Even in this embodiment, the remaining arteriovenous images R1, R2, and R3 that have been masked may be sequentially displayed in sequence, or the reconstructed images IM _rec1 , IM _rec2 , and IM _rec3 may be sequentially _displayed . You may display continuously. Thereby, a pseudo dynamic image of the arterial vein can be observed.

(Fourth embodiment)
Next, a fourth embodiment of the present invention will be described with reference to FIGS. The MRI apparatus according to this embodiment sets the thickness (slice thickness or slab thickness) that is selectively excited from the inversion (IR) used for the pulse sequence when performing an imaging scan (main scan) to an optimum value. This relates to scanning (pre-scan).

  When the MR angiography according to FIGS. 4 and 5 according to the second embodiment described above or FIGS. 14 and 15 described above is performed, the blood flow of the blood flow depending on the blood vessel to be observed is observed. Since the inflow speed changes, the distance of the high signal portion due to the inversion pulse is short, or on the contrary, the high signal portion remains in the tag area excited by another inversion, and image synthesis or It may not be suitable for cine image display. In the present embodiment, a pre-scan technique that can reliably eliminate such a situation is taught.

  In this pre-scan, the optimum excitation thickness and excitation position are obtained by continuously scanning while changing the excitation thickness by the inversion pulse stepwise.

  FIG. 9 schematically shows an example of a pulse sequence used for this prescan, and FIG. 10 schematically shows a prescan procedure.

9A to 9C show pulse sequences used for three scans from the first to the third time, respectively. In these pulse sequences, at each scan, at least one of the carrier frequency offset amount Df and the intensity of the selective excitation gradient magnetic field Ge of the second inversion pulse P _inv-B is adjusted. Accordingly, as shown in the left column, the central column, and the right column in FIG. 10A, the thickness of the tag region RG _A (RG _{A1 to} RG _A3 ) set for the imaging region CS is gradually increased. At the same time, in any of the first to third scans, the position of the band-like tag regions RG _{A1 to} RG _A3 is selected so that the boundary positions on the downstream side of the blood flow are the same. That is, as the number of scans increases, the excitation position is set so that only the boundary position on the bloodstream upstream side of the tag regions RG _{A1 to} RG _A3 changes and becomes thicker. In the pulse sequences of FIGS. 9A to 9C, the other pulse trains are the same as described above.

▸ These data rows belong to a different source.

(* Let $N=p^nN_1$ with $n\ge2$, $p\ge3$ prime, and $N_1=q_1q_2\cdots q_r$ where $q_1,\dots,q_r$ are distinct primes, different from $p$, with $p-1\equiv0\pmod{q_i-1}$ for all $i$. Let $u$ be an integer with $\gcd(u,N)=1$, and let $d,m\in\mathbb{Z}_N$. Define $h_d(k)=\big((k+d)^p-k^p-d^p\big)m+udk$. Then $h_d(k)/\gcd(d,N)$ is a permutation polynomial over $\mathbb{Z}_{N/\gcd(d,N)}$.
   Context: A polynomial $g$ (integer-valued) is a permutation polynomial over $\mathbb{Z}_M$ if $k\mapsto g(k)\bmod M$ is a bijection of $\mathbb{Z}_M=\{0,\dots,M-1\}$; $\gcd(0,N)=N$. *)

theory Defs
  imports "HOL-Computational_Algebra.Primes"
begin

definition perm_poly_mod :: "int \<Rightarrow> (int \<Rightarrow> int) \<Rightarrow> bool" where
  "perm_poly_mod M g \<longleftrightarrow> bij_betw (\<lambda>k. g k mod M) {0..<M} {0..<M}"

definition h_poly :: "int \<Rightarrow> int \<Rightarrow> nat \<Rightarrow> int \<Rightarrow> int \<Rightarrow> int" where
  "h_poly m u p d k = ((k + d) ^ p - k ^ p - d ^ p) * m + u * d * k"

end

(*
  Write g = gcd d N and M = N div g. Since d divides h_d(k), it suffices to show that
  h_d(a) = h_d(b) (mod N) forces a = b (mod M), which is checked one prime power of M at a time.
  Binomial expansion gives h_d(a) - h_d(b) = d (a - b) (u + p T m) for some T, and
  u + p T m is prime to p because u is; this settles the p-part of M. Any other prime q
  dividing M divides N only once, hence does not divide d; and k^p = k (mod q) by Fermat,
  because q - 1 divides p - 1, so h_d(k) = u d k (mod q) and q divides a - b.
*)

theory Submission
  imports Defs "HOL-Number_Theory.Number_Theory" "HOL-Computational_Algebra.Squarefree"
begin

lemma binomial_difference_dvd:
  fixes a b d :: "'a::comm_ring_1" and p :: nat
  assumes "prime p"
  shows "d * of_nat p * (a - b) dvd
           ((a + d) ^ p - a ^ p - d ^ p) - ((b + d) ^ p - b ^ p - d ^ p)"
proof -
  let ?t = "\<lambda>k. of_nat (p choose k) * (a ^ k - b ^ k) * d ^ (p - k)"
  have "(a + d) ^ p - (b + d) ^ p = (\<Sum>k\<le>p. ?t k)"
    by (simp add: binomial_ring sum_subtractf[symmetric] algebra_simps)
  also have "\<dots> = (\<Sum>k<p. ?t k) + (a ^ p - b ^ p)"
    by (simp add: lessThan_Suc_atMost[symmetric])
  finally have expand: "((a + d) ^ p - a ^ p - d ^ p) - ((b + d) ^ p - b ^ p - d ^ p) = (\<Sum>k<p. ?t k)"
    by (simp add: algebra_simps)
  have "d * of_nat p * (a - b) dvd ?t k" if "k < p" for k
  proof (cases "k = 0")
    case False
    have "p dvd (p choose k)"
      using dvd_choose_prime[of k p] False that assms by (simp add: prime_gt_0_nat)
    then have "of_nat p dvd (of_nat (p choose k) :: 'a)"
      by (metis dvd_def of_nat_mult)
    moreover have "a - b dvd a ^ k - b ^ k"
      by (simp add: power_diff_sumr2)
    moreover have "d dvd d ^ (p - k)"
      using that by simp
    ultimately have "of_nat p * (a - b) * d dvd ?t k"
      by (intro mult_dvd_mono)
    then show ?thesis
      by (simp add: ac_simps)
  qed simp
  then show ?thesis
    unfolding expand by (auto intro: dvd_sum)
qed

lemma fermat_cong_power:
  fixes q p x :: nat
  assumes "prime q" "(q - 1) dvd (p - 1)" "p > 0"
  shows "[x ^ p = x] (mod q)"
proof (cases "q dvd x")
  case True
  then have "q dvd x ^ p"
    using assms(3) dvd_trans[OF True dvd_power[of p x]] by simp
  then show ?thesis
    using True by (simp add: cong_def dvd_eq_mod_eq_0)
next
  case False
  obtain j where "p - 1 = (q - 1) * j"
    using assms(2) by blast
  then have p_eq: "p = Suc ((q - 1) * j)"
    using assms(3) by simp
  have "[(x ^ (q - 1)) ^ j = 1 ^ j] (mod q)"
    by (rule cong_pow[OF fermat_theorem[OF assms(1) False]])
  then have "[x * (x ^ (q - 1)) ^ j = x * 1 ^ j] (mod q)"
    by (rule cong_mult[OF cong_refl])
  then show ?thesis
    by (simp add: p_eq power_mult)
qed

lemma fermat_cong_power_int:
  fixes q p :: nat and k :: int
  assumes "prime q" "(q - 1) dvd (p - 1)" "p > 0"
  shows "[k ^ p = k] (mod int q)"
proof -
  define x where "x = nat (k mod int q)"
  have k_cong: "[k = int x] (mod int q)"
    using assms(1) by (simp add: x_def cong_def prime_gt_0_nat)
  then have "[k ^ p = int x ^ p] (mod int q)"
    by (rule cong_pow)
  also have "[int x ^ p = int x] (mod int q)"
    using fermat_cong_power[OF assms, of x] by (simp flip: cong_int_iff)
  also have "[int x = k] (mod int q)"
    using k_cong by (rule cong_sym)
  finally show ?thesis .
qed

lemma dvd_if_prime_power_dvd:
  fixes M x :: "'a::factorial_semiring"
  assumes "M \<noteq> 0" "\<And>r k. prime r \<Longrightarrow> r ^ k dvd M \<Longrightarrow> r ^ k dvd x"
  shows "M dvd x"
proof (cases "x = 0")
  case False
  show ?thesis
  proof (rule multiplicity_le_imp_dvd[OF assms(1)])
    fix r :: 'a assume "prime r"
    then show "multiplicity r M \<le> multiplicity r x"
      using assms(2) False by (intro multiplicity_geI) (auto simp: multiplicity_dvd)
  qed
qed simp

lemma div_gcd_dvd_if_dvd_mult:
  fixes N d x :: "'a::semiring_gcd"
  assumes "N \<noteq> 0" "N dvd d * x"
  shows "N div gcd d N dvd x"
proof -
  define g where "g = gcd d N"
  have "g \<noteq> 0"
    using assms(1) by (simp add: g_def)
  moreover have "g * (N div g) dvd g * ((d div g) * x)"
    using assms(2) by (simp add: g_def flip: mult.assoc)
  ultimately have "N div g dvd (d div g) * x"
    by simp
  moreover have "coprime (N div g) (d div g)"
    using div_gcd_coprime[of d N] assms(1) by (simp add: g_def coprime_commute)
  ultimately show ?thesis
    by (simp add: g_def coprime_dvd_mult_right_iff)
qed

lemma prime_dvd_power_mult_prod_primes:
  fixes p q n :: nat and Q :: "nat set"
  assumes "prime p" "finite Q" "\<forall>q\<in>Q. prime q"
    and "prime q" "q \<noteq> p" "q dvd p ^ n * \<Prod>Q"
  shows "q \<in> Q \<and> \<not> q ^ 2 dvd p ^ n * \<Prod>Q"
proof
  have "coprime q p"
    using assms by (simp add: primes_coprime)
  then have coprime_power: "coprime (q ^ k) (p ^ n)" for k
    by simp
  then have "q dvd \<Prod>Q"
    using assms(6) coprime_power[of 1] by (simp add: coprime_dvd_mult_right_iff)
  then obtain q' where "q' \<in> Q" "q dvd q'"
    using prime_dvd_prod_iff[of Q q id] assms(2,4) by auto
  then show "q \<in> Q"
    using assms(3,4) primes_dvd_imp_eq by blast
  have "squarefree (\<Prod>Q)"
    using assms(3) by (intro squarefree_prod_coprime) (auto simp: primes_coprime squarefree_prime)
  moreover have "\<not> q dvd 1"
    using assms(4) not_prime_unit by blast
  ultimately show "\<not> q ^ 2 dvd p ^ n * \<Prod>Q"
    using coprime_power[of 2] by (auto simp: coprime_dvd_mult_right_iff dest: squarefreeD)
qed

lemma perm_poly_modI:
  assumes "M > 0" "\<And>a b. [f a = f b] (mod M) \<Longrightarrow> [a = b] (mod M)"
  shows "perm_poly_mod M f"
proof -
  have inj: "inj_on (\<lambda>k. f k mod M) {0..<M}"
  proof (rule inj_onI)
    fix a b assume "a \<in> {0..<M}" "b \<in> {0..<M}" "f a mod M = f b mod M"
    then have "a mod M = b mod M"
      using assms(2)[of a b] by (simp add: cong_def)
    then show "a = b"
      using \<open>a \<in> {0..<M}\<close> \<open>b \<in> {0..<M}\<close> by simp
  qed
  moreover have "(\<lambda>k. f k mod M) ` {0..<M} \<subseteq> {0..<M}"
    using assms(1) by auto
  ultimately show ?thesis
    unfolding perm_poly_mod_def bij_betw_def by (simp add: endo_inj_surj)
qed

lemma dvd_h_poly:
  assumes "p > 0"
  shows "d dvd h_poly m u p d k"
proof -
  have "d dvd (k + d) ^ p - k ^ p"
    using power_diff_sumr2[of "k + d" p k] by simp
  moreover have "d dvd d ^ p"
    using assms by simp
  ultimately have "d dvd (k + d) ^ p - k ^ p - d ^ p"
    by (rule dvd_diff)
  then have "d dvd ((k + d) ^ p - k ^ p - d ^ p) * m"
    by (rule dvd_mult2)
  then show ?thesis
    unfolding h_poly_def by simp
qed

lemma h_poly_diff_eq:
  assumes "prime p"
  obtains T where
    "h_poly m u p d a - h_poly m u p d b = d * (a - b) * (u + int p * T * m)"
proof -
  obtain T where T: "((a + d) ^ p - a ^ p - d ^ p) - ((b + d) ^ p - b ^ p - d ^ p) = d * int p * (a - b) * T"
    using binomial_difference_dvd[OF assms, of d a b] by (elim dvdE)
  have "h_poly m u p d a - h_poly m u p d b =
      (((a + d) ^ p - a ^ p - d ^ p) - ((b + d) ^ p - b ^ p - d ^ p)) * m + u * d * (a - b)"
    unfolding h_poly_def by (simp add: algebra_simps)
  also have "\<dots> = d * (a - b) * (u + int p * T * m)"
    unfolding T by (simp add: algebra_simps)
  finally show ?thesis
    by (rule that)
qed

lemma h_poly_cong_linear:
  assumes "\<And>k. [k ^ p = k] (mod r)"
  shows "[h_poly m u p d k = u * d * k] (mod r)"
proof -
  have "[(k + d) ^ p - k ^ p - d ^ p = (k + d) - k - d] (mod r)"
    using assms by (intro cong_diff)
  then have "[((k + d) ^ p - k ^ p - d ^ p) * m + u * d * k = 0 * m + u * d * k] (mod r)"
    by (intro cong_add cong_mult) simp_all
  then show ?thesis
    unfolding h_poly_def by simp
qed

lemma prime_dvd_diff_if_h_poly_cong:
  fixes N r u d m a b :: int
  assumes "prime r" "r dvd N div gcd d N" "\<not> r ^ 2 dvd N" "coprime u N"
    and fermat: "\<And>k. [k ^ p = k] (mod r)"
    and cong: "[h_poly m u p d a = h_poly m u p d b] (mod N)"
  shows "r dvd a - b"
proof -
  have N_eq: "N = gcd d N * (N div gcd d N)"
    by simp
  have rN: "r dvd N"
    using assms(2) by (subst N_eq) (rule dvd_mult)
  have "\<not> r dvd d"
  proof
    assume "r dvd d"
    then have "r dvd gcd d N"
      using rN by simp
    then have "r * r dvd N"
      using assms(2) by (subst N_eq) (rule mult_dvd_mono)
    then show False
      using assms(3) by (simp add: power2_eq_square)
  qed
  moreover have "\<not> r dvd u"
    using coprime_common_divisor[OF assms(4) _ rN] assms(1) by auto
  moreover have "[u * d * a = u * d * b] (mod r)"
  proof -
    have "[u * d * a = h_poly m u p d a] (mod r)"
      using h_poly_cong_linear[OF fermat] by (rule cong_sym)
    also have "[h_poly m u p d a = h_poly m u p d b] (mod r)"
      using cong rN by (rule cong_dvd_modulus)
    also have "[h_poly m u p d b = u * d * b] (mod r)"
      by (rule h_poly_cong_linear[OF fermat])
    finally show ?thesis .
  qed
  ultimately show ?thesis
    using assms(1) by (simp add: cong_iff_dvd_diff prime_dvd_mult_iff flip: right_diff_distrib)
qed

lemma cong_div_gcd_if_h_poly_cong:
  fixes N u d m a b :: int and p :: nat
  assumes "prime p" "N > 0" "coprime u N"
    and prime_divisors: "\<And>r. prime r \<Longrightarrow> r dvd N \<Longrightarrow> r \<noteq> int p \<Longrightarrow>
                                \<not> r ^ 2 dvd N \<and> (\<forall>k. [k ^ p = k] (mod r))"
    and cong: "[h_poly m u p d a = h_poly m u p d b] (mod N)"
  shows "[a = b] (mod N div gcd d N)"
proof -
  define M where "M = N div gcd d N"
  have N_eq: "N = gcd d N * M"
    by (simp add: M_def)
  obtain T where diff: "h_poly m u p d a - h_poly m u p d b = d * (a - b) * (u + int p * T * m)"
    by (rule h_poly_diff_eq[OF assms(1)])
  define W where "W = u + int p * T * m"
  have "N dvd d * ((a - b) * W)"
    using cong diff by (simp add: W_def cong_iff_dvd_diff mult.assoc)
  then have MW: "M dvd (a - b) * W"
    unfolding M_def using assms(2) by (intro div_gcd_dvd_if_dvd_mult) simp_all
  have "M dvd a - b"
  proof (rule dvd_if_prime_power_dvd)
    show "M \<noteq> 0"
      using assms(2) N_eq by auto
  next
    fix r :: int and k :: nat
    assume r: "prime r" and rk: "r ^ k dvd M"
    show "r ^ k dvd a - b"
    proof (cases "k = 0")
      case False
      then have rM: "r dvd M"
        using dvd_trans[OF dvd_power[of k r] rk] by simp
      then have rN: "r dvd N"
        by (subst N_eq) simp
      show ?thesis
      proof (cases "r = int p")
        case True
        have "\<not> r dvd u"
          using coprime_common_divisor[OF assms(3) _ rN] r by auto
        then have "coprime (r ^ k) W"
          using r True by (simp add: W_def prime_imp_coprime dvd_add_left_iff mult.assoc)
        then show ?thesis
          using dvd_trans[OF rk MW] by (simp add: coprime_dvd_mult_left_iff)
      next
        case False
        with prime_divisors[OF r rN] have squarefree: "\<not> r ^ 2 dvd N"
          and fermat: "\<And>k. [k ^ p = k] (mod r)" by auto
        have "\<not> r ^ 2 dvd M"
          using squarefree by (subst (asm) N_eq) auto
        then have "\<not> 2 \<le> k"
          using dvd_trans[OF le_imp_power_dvd[of 2 k r] rk] by blast
        with \<open>k \<noteq> 0\<close> have "k = 1"
          by simp
        then show ?thesis
          using prime_dvd_diff_if_h_poly_cong[OF r _ squarefree assms(3) fermat cong] rM
          by (simp add: M_def)
      qed
    qed simp
  qed
  then show ?thesis
    by (simp add: M_def cong_iff_dvd_diff)
qed

lemma perm_poly_mod_h_poly_div_gcd:
  fixes N u d m :: int and p :: nat
  assumes "prime p" "N > 0" "coprime u N"
    and "\<And>r. prime r \<Longrightarrow> r dvd N \<Longrightarrow> r \<noteq> int p \<Longrightarrow>
                \<not> r ^ 2 dvd N \<and> (\<forall>k. [k ^ p = k] (mod r))"
  shows "perm_poly_mod (N div gcd d N) (\<lambda>k. h_poly m u p d k div gcd d N)"
proof (rule perm_poly_modI)
  let ?g = "gcd d N"
  show "N div ?g > 0"
    using assms(2) by (simp add: pos_imp_zdiv_pos_iff zdvd_imp_le)
  have h_eq: "?g * (h_poly m u p d k div ?g) = h_poly m u p d k" for k
    using dvd_trans[OF gcd_dvd1 dvd_h_poly] assms(1) by (simp add: prime_gt_0_nat)
  fix a b
  assume "[h_poly m u p d a div ?g = h_poly m u p d b div ?g] (mod N div ?g)"
  then have "[?g * (h_poly m u p d a div ?g) = ?g * (h_poly m u p d b div ?g)] (mod ?g * (N div ?g))"
    by (rule cong_cmult_leftI)
  then have "[h_poly m u p d a = h_poly m u p d b] (mod N)"
    by (simp only: h_eq) simp
  then show "[a = b] (mod N div ?g)"
    using cong_div_gcd_if_h_poly_cong[OF assms(1-3)] assms(4) by blast
qed

theorem lemma11:
  fixes p n :: nat and Q :: "nat set" and N u d m :: int
  assumes "prime p" and "p \<ge> 3" and "n \<ge> 2"
    and "finite Q" and "\<forall>q\<in>Q. prime q" and "p \<notin> Q"
    and "\<forall>q\<in>Q. (q - 1) dvd (p - 1)"
    and "N = int p ^ n * int (\<Prod>Q)"
    and "gcd u N = 1"
    and "d \<in> {0..<N}" and "m \<in> {0..<N}"
  shows "perm_poly_mod (N div gcd d N) (\<lambda>k. h_poly m u p d k div gcd d N)"
proof -
  have "N > 0"
    using assms(1,4,5,8) by (simp add: prime_gt_0_nat prod_pos)
  moreover have "coprime u N"
    using assms(9) by (simp add: coprime_iff_gcd_eq_1)
  moreover have "\<not> r ^ 2 dvd N \<and> (\<forall>k. [k ^ p = k] (mod r))"
    if r: "prime r" "r dvd N" "r \<noteq> int p" for r :: int
  proof -
    obtain q where q: "r = int q"
      using prime_ge_0_int[OF r(1)] nonneg_int_cases by metis
    have N_eq: "N = int (p ^ n * \<Prod>Q)"
      using assms(8) by simp
    have q_prime: "prime q" and "q \<noteq> p" "q dvd p ^ n * \<Prod>Q"
      using r unfolding q N_eq by (auto simp only: prime_nat_int_transfer of_nat_dvd_iff of_nat_eq_iff)
    then have "q \<in> Q" "\<not> q ^ 2 dvd p ^ n * \<Prod>Q"
      using prime_dvd_power_mult_prod_primes[OF assms(1,4,5)] by blast+
    moreover have "r ^ 2 dvd N \<longleftrightarrow> q ^ 2 dvd p ^ n * \<Prod>Q"
      unfolding q N_eq by (simp only: of_nat_dvd_iff flip: of_nat_power)
    ultimately show ?thesis
      using fermat_cong_power_int[OF q_prime] assms(1,7) by (simp add: q prime_gt_0_nat)
  qed
  ultimately show ?thesis
    using perm_poly_mod_h_poly_div_gcd[OF assms(1)] by blast
qed

end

  Note that conditions such as the number of scans in this pre-scan and the fluctuation range of the boundary position on the upstream side of the blood flow are determined in consideration of conditions including the blood flow velocity at the imaging region and the desired value of the change width.

By sequentially executing these pulse sequences as a pre-scan, reconstructed images IM _{rec1 to} IM _rec3 are obtained for each sequence as shown in _FIGS .

Therefore, for example, the operator, the series of image IM _rec1 to IM _rec3 by visual observation, seems to be ideal for imaging sites of interest, determines the excitation thickness and spatial position by inversion pulse. In this case, such determinations to facilitate, may be continuously displaying a series of images _IM rec1 _{to IM rec3} in the order of the thickness of the tag area. The above-described determination may be automatically performed using an appropriate algorithm such as a blood flow extraction method in addition to a method based on an artificial judgment by an operator.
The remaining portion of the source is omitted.